Suburbs and Villages
 Panayal, Thachangad, Chalingal and Kanjiradukkam
 Kundamkuzhy, Poinachi, Periyattadukkam and Kuniya
 Kannamvayal, Thachangad, Mavval and Bangad
 Maruthadukkam, Cherkkala, Thayyil and Chattanchal
 Kuniya, Cherumba, Periyattadukkam, Keloth, Pollakkada and Pullur Village
 Haripuram, Pullur, Moolakandam and Mavungal

Prominent Organizations
Central University of Kerala - Central University of Kerala is one of the 15 new universities constituted by the Government of India in 2009. The university has a 310-acre campus in Periya.

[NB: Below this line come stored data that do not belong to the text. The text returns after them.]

lemma split_objective_le_merged:
  assumes G: "simple_graph n E" and v: "v \<in> {1..n}"
    and R: "realization (Suc n) (split_vertex n E v) m S" and \<rho>: "density_mat (2 ^ m) \<rho>"
  obtains \<rho>' where "density_mat (2 ^ m) \<rho>'"
    and "beta_objective (Suc n) S w \<rho> \<le> beta_objective n S (w(v := max (w v) (w (Suc n)))) \<rho>'"
proof -
  define x where "x i = expectation \<rho> (S i)" for i
  define M where "M = max (w v) (w (Suc n))"
  obtain a b where ab: "a\<^sup>2 + b\<^sup>2 = 1" and norm: "(a * x v + b * x (Suc n))\<^sup>2 = (x v)\<^sup>2 + (x (Suc n))\<^sup>2"
    using unit_vector_attains_norm .
  obtain \<rho>' where \<rho>': "density_mat (2 ^ m) \<rho>'"
    and xv: "expectation \<rho>' (S v) = a * x v + b * x (Suc n)"
    and fixed: "\<And>u. u \<in> {1..n} \<Longrightarrow> u \<noteq> v \<Longrightarrow> expectation \<rho>' (S u) = x u"
    using split_vertex_rotated_density[OF G v R _ \<rho> ab, of v "Suc n"] unfolding x_def by blast
  let ?rest = "\<Sum>i\<in>{1..n} - {v}. w i * (x i)\<^sup>2"
  have "beta_objective (Suc n) S w \<rho> = w v * (x v)\<^sup>2 + w (Suc n) * (x (Suc n))\<^sup>2 + ?rest"
    by (simp add: beta_objective_Suc beta_objective_remove[OF v] x_def)
  also have "\<dots> \<le> M * ((x v)\<^sup>2 + (x (Suc n))\<^sup>2) + ?rest"
    using mult_right_mono[of "w v" M "(x v)\<^sup>2"] mult_right_mono[of "w (Suc n)" M "(x (Suc n))\<^sup>2"]
    by (simp add: M_def distrib_left)
  also have "?rest = (\<Sum>i\<in>{1..n} - {v}. (w(v := M)) i * (expectation \<rho>' (S i))\<^sup>2)"
    using fixed by (intro sum.cong) auto
  also have "M * ((x v)\<^sup>2 + (x (Suc n))\<^sup>2) + \<dots> = beta_objective n S (w(v := M)) \<rho>'"
    using beta_objective_remove[OF v, of S "w(v := M)" \<rho>'] xv norm by simp
  finally show ?thesis
    using that[OF \<rho>'] unfolding M_def by blast
qed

 Navodaya Vidyalaya, Kasaragod - Navodaya Vidyalaya is a model school run by the Government of India.  It is affiliated to CBSE, New Delhi.  Classes are conducted from Grade.VI to Grade XII.  It is an autonomous and fully residential facility.

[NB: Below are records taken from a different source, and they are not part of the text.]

(* Let $G$ be a simple undirected graph with infinite chromatic number $\chi(G)$. Then there is a minor $M$ of $G$ such that $M\not\cong G$ and $\chi(M)=\chi(G)$.
   Context: Graphs are simple and undirected: $G=(V,E)$ with $E \subseteq \{\{x,y\}: x,y\in V,\ x\neq y\}$. $\chi(G)$ denotes the chromatic number of $G$, i.e. the least cardinal $\lambda$ such that there is a graph homomorphism $G \to K_\lambda$; $K_\alpha$ is the complete graph on $\alpha$ vertices. Disjoint sets $S,T\subseteq V(G)$ are connected to each other if there are $s\in S$, $t\in T$ with $\{s,t\}\in E(G)$. For a collection $\mathcal D$ of pairwise disjoint, nonempty subsets of $V(G)$, each inducing a connected subgraph, let $G(\mathcal D)$ be the graph with vertex set $\mathcal D$ in which distinct $d,e\in\mathcal D$ are adjacent iff $d$ and $e$ are connected to each other. A graph $M$ is a minor of $G$ if there is such a collection $\mathcal D$ and an injective graph homomorphism $M \to G(\mathcal D)$. *)

theory Defs
  imports Main
begin

definition simple_graph :: "'a set \<Rightarrow> 'a set set \<Rightarrow> bool" where
  "simple_graph V E \<longleftrightarrow> E \<subseteq> {{x, y} | x y. x \<in> V \<and> y \<in> V \<and> x \<noteq> y}"

definition hom_to_complete :: "'a set \<Rightarrow> 'a set set \<Rightarrow> 'c set \<Rightarrow> bool" where
  "hom_to_complete V E C \<longleftrightarrow>
     (\<exists>f. f ` V \<subseteq> C \<and> (\<forall>x\<in>V. \<forall>y\<in>V. {x, y} \<in> E \<longrightarrow> f x \<noteq> f y))"

text \<open>Colour sets of type 'a set suffice,
  since V itself is always a colour set for a simple graph.\<close>
definition chromatic_number :: "'a set \<Rightarrow> 'a set set \<Rightarrow> 'a rel" where
  "chromatic_number V E = card_of (SOME C :: 'a set. hom_to_complete V E C \<and>
       (\<forall>C' :: 'a set. hom_to_complete V E C' \<longrightarrow> (card_of C, card_of C') \<in> ordLeq))"

definition induces_connected :: "'a set set \<Rightarrow> 'a set \<Rightarrow> bool" where
  "induces_connected E S \<longleftrightarrow>
     (\<forall>x\<in>S. \<forall>y\<in>S. (x, y) \<in> {(u, v). u \<in> S \<and> v \<in> S \<and> {u, v} \<in> E}\<^sup>*)"

definition connected_to :: "'a set set \<Rightarrow> 'a set \<Rightarrow> 'a set \<Rightarrow> bool" where
  "connected_to E S T \<longleftrightarrow> (\<exists>s\<in>S. \<exists>t\<in>T. {s, t} \<in> E)"

definition is_minor :: "'b set \<Rightarrow> 'b set set \<Rightarrow> 'a set \<Rightarrow> 'a set set \<Rightarrow> bool" where
  "is_minor VM EM V E \<longleftrightarrow>
     (\<exists>D :: 'a set set.
        (\<forall>d\<in>D. d \<noteq> {} \<and> d \<subseteq> V \<and> induces_connected E d) \<and>
        (\<forall>d\<in>D. \<forall>e\<in>D. d \<noteq> e \<longrightarrow> d \<inter> e = {}) \<and>
        (\<exists>h. inj_on h VM \<and> h ` VM \<subseteq> D \<and>
             (\<forall>x\<in>VM. \<forall>y\<in>VM. {x, y} \<in> EM \<longrightarrow> h x \<noteq> h y \<and> connected_to E (h x) (h y))))"

definition graph_iso :: "'b set \<Rightarrow> 'b set set \<Rightarrow> 'a set \<Rightarrow> 'a set set \<Rightarrow> bool" where
  "graph_iso V1 E1 V2 E2 \<longleftrightarrow>
     (\<exists>f. bij_betw f V1 V2 \<and> (\<forall>x\<in>V1. \<forall>y\<in>V1. {x, y} \<in> E1 \<longleftrightarrow> {f x, f y} \<in> E2))"

end

theory Submission
  imports Defs
begin

text \<open>Whether a graph has an isolated vertex is an isomorphism invariant, so it suffices to
  find a subgraph with the same chromatic number that differs from G in this respect.  If G
  has isolated vertices, delete them: they can be coloured like any other vertex, and some
  vertex is non-isolated since an edgeless graph needs at most one colour.  Otherwise remove
  all edges at one vertex: this isolates it and saves at most one colour, which is negligible
  against an infinite chromatic number.  Replacing each vertex x by {x} turns the subgraph into
  a minor of G whose vertices are sets of vertices of G.\<close>

unbundle cardinal_syntax

lemma simple_graph_edgeD:
  assumes "simple_graph V E" "{x, y} \<in> E"
  shows "x \<in> V" "y \<in> V" "x \<noteq> y"
  using assms unfolding simple_graph_def by (auto simp: doubleton_eq_iff)

lemma hom_to_complete_vertices:
  assumes "simple_graph V E"
  shows "hom_to_complete V E V"
  unfolding hom_to_complete_def
  using simple_graph_edgeD[OF assms] by (intro exI[of _ id]) auto

lemma hom_to_complete_mono:
  assumes "V' \<subseteq> V" "E' \<subseteq> E" "hom_to_complete V E C"
  shows "hom_to_complete V' E' C"
proof -
  obtain f where "f ` V \<subseteq> C" "\<forall>x\<in>V. \<forall>y\<in>V. {x, y} \<in> E \<longrightarrow> f x \<noteq> f y"
    using assms(3) unfolding hom_to_complete_def by blast
  with assms(1,2) show ?thesis
    unfolding hom_to_complete_def by (intro exI[of _ f]) blast
qed

lemma hom_to_complete_colours_in_vertex_type:
  assumes "hom_to_complete (V :: 'a set) E (C :: 'c set)"
  obtains C' :: "'a set" where "hom_to_complete V E C'" "|C'| \<le>o |C|"
proof -
  obtain f where f: "f ` V \<subseteq> C" "\<forall>x\<in>V. \<forall>y\<in>V. {x, y} \<in> E \<longrightarrow> f x \<noteq> f y"
    using assms unfolding hom_to_complete_def by blast
  have "|f ` V| \<le>o |V|" by (rule card_of_image)
  then obtain j where j: "inj_on j (f ` V)" "j ` f ` V \<subseteq> V"
    unfolding card_of_ordLeq[symmetric] by blast
  have "hom_to_complete V E (j ` f ` V)"
    unfolding hom_to_complete_def
  proof (intro exI[of _ "j \<circ> f"] conjI ballI impI)
    fix x y assume "x \<in> V" "y \<in> V" "{x, y} \<in> E"
    then show "(j \<circ> f) x \<noteq> (j \<circ> f) y"
      using f(2) inj_onD[OF j(1)] by (metis comp_apply imageI)
  qed auto
  moreover have "|j ` f ` V| \<le>o |C|"
    using ordLeq_transitive[OF card_of_image card_of_mono1[OF f(1)]] .
  ultimately show ?thesis using that by blast
qed

lemma chromatic_number_minimal_colouring:
  assumes "simple_graph (V :: 'a set) E"
  obtains C :: "'a set" where "hom_to_complete V E C" "chromatic_number V E = |C|"
    "\<And>C' :: 'a set. hom_to_complete V E C' \<Longrightarrow> |C| \<le>o |C'|"
proof -
  let ?R = "card_of ` {C :: 'a set. hom_to_complete V E C}"
  obtain r where r: "r \<in> ?R" "\<forall>r'\<in>?R. r \<le>o r'"
    using exists_minim_Well_order[of ?R] hom_to_complete_vertices[OF assms] card_of_Well_order
    by blast
  then have "\<exists>C :: 'a set. hom_to_complete V E C \<and>
      (\<forall>C' :: 'a set. hom_to_complete V E C' \<longrightarrow> (card_of C, card_of C') \<in> ordLeq)"
    by blast
  from someI_ex[OF this] show ?thesis
    using that unfolding chromatic_number_def by blast
qed

lemma chromatic_number_le_card:
  assumes "simple_graph V E" "hom_to_complete V E C"
  shows "chromatic_number V E \<le>o |C|"
proof -
  obtain C' :: "'a set" where C': "hom_to_complete V E C'" "|C'| \<le>o |C|"
    using hom_to_complete_colours_in_vertex_type[OF assms(2)] .
  obtain C0 where "chromatic_number V E = |C0|" "|C0| \<le>o |C'|"
    using chromatic_number_minimal_colouring[OF assms(1)] C'(1) by metis
  then show ?thesis using ordLeq_transitive C'(2) by metis
qed

lemma chromatic_number_ordLeqI:
  assumes "simple_graph (V1 :: 'a set) E1" "simple_graph (V2 :: 'b set) E2"
    and "\<And>C2 :: 'b set. hom_to_complete V2 E2 C2 \<Longrightarrow>
          \<exists>C1 :: 'c set. hom_to_complete V1 E1 C1 \<and> |C1| \<le>o |C2|"
  shows "chromatic_number V1 E1 \<le>o chromatic_number V2 E2"
proof -
  obtain C2 where C2: "hom_to_complete V2 E2 C2" "chromatic_number V2 E2 = |C2|"
    using chromatic_number_minimal_colouring[OF assms(2)] by metis
  obtain C1 :: "'c set" where "hom_to_complete V1 E1 C1" "|C1| \<le>o |C2|"
    using assms(3)[OF C2(1)] by blast
  then show ?thesis
    using ordLeq_transitive[OF chromatic_number_le_card[OF assms(1)]] C2(2) by metis
qed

 Sree Narayana College of Arts and Management Periye.
Ambedkar College of Education, Periye.
Community Health Center Periye (CHC Periye)
GHSS Periye
Government Poly Technic College Periye
 SI-MET Nursing college run by Government of Kerala, Ayampara Periye
 Kerala Armed Police 4 Battalion- Detachment Camp Periye.
 Plantation corporation of Kerala Periye Division.

Transportation
Local roads have access to NH.66 which connects to Mangalore in the north and Calicut in the south. The nearest railway station is Kanhangad on Mangalore-Palakkad line. There are airports at Mangalore and Kannur.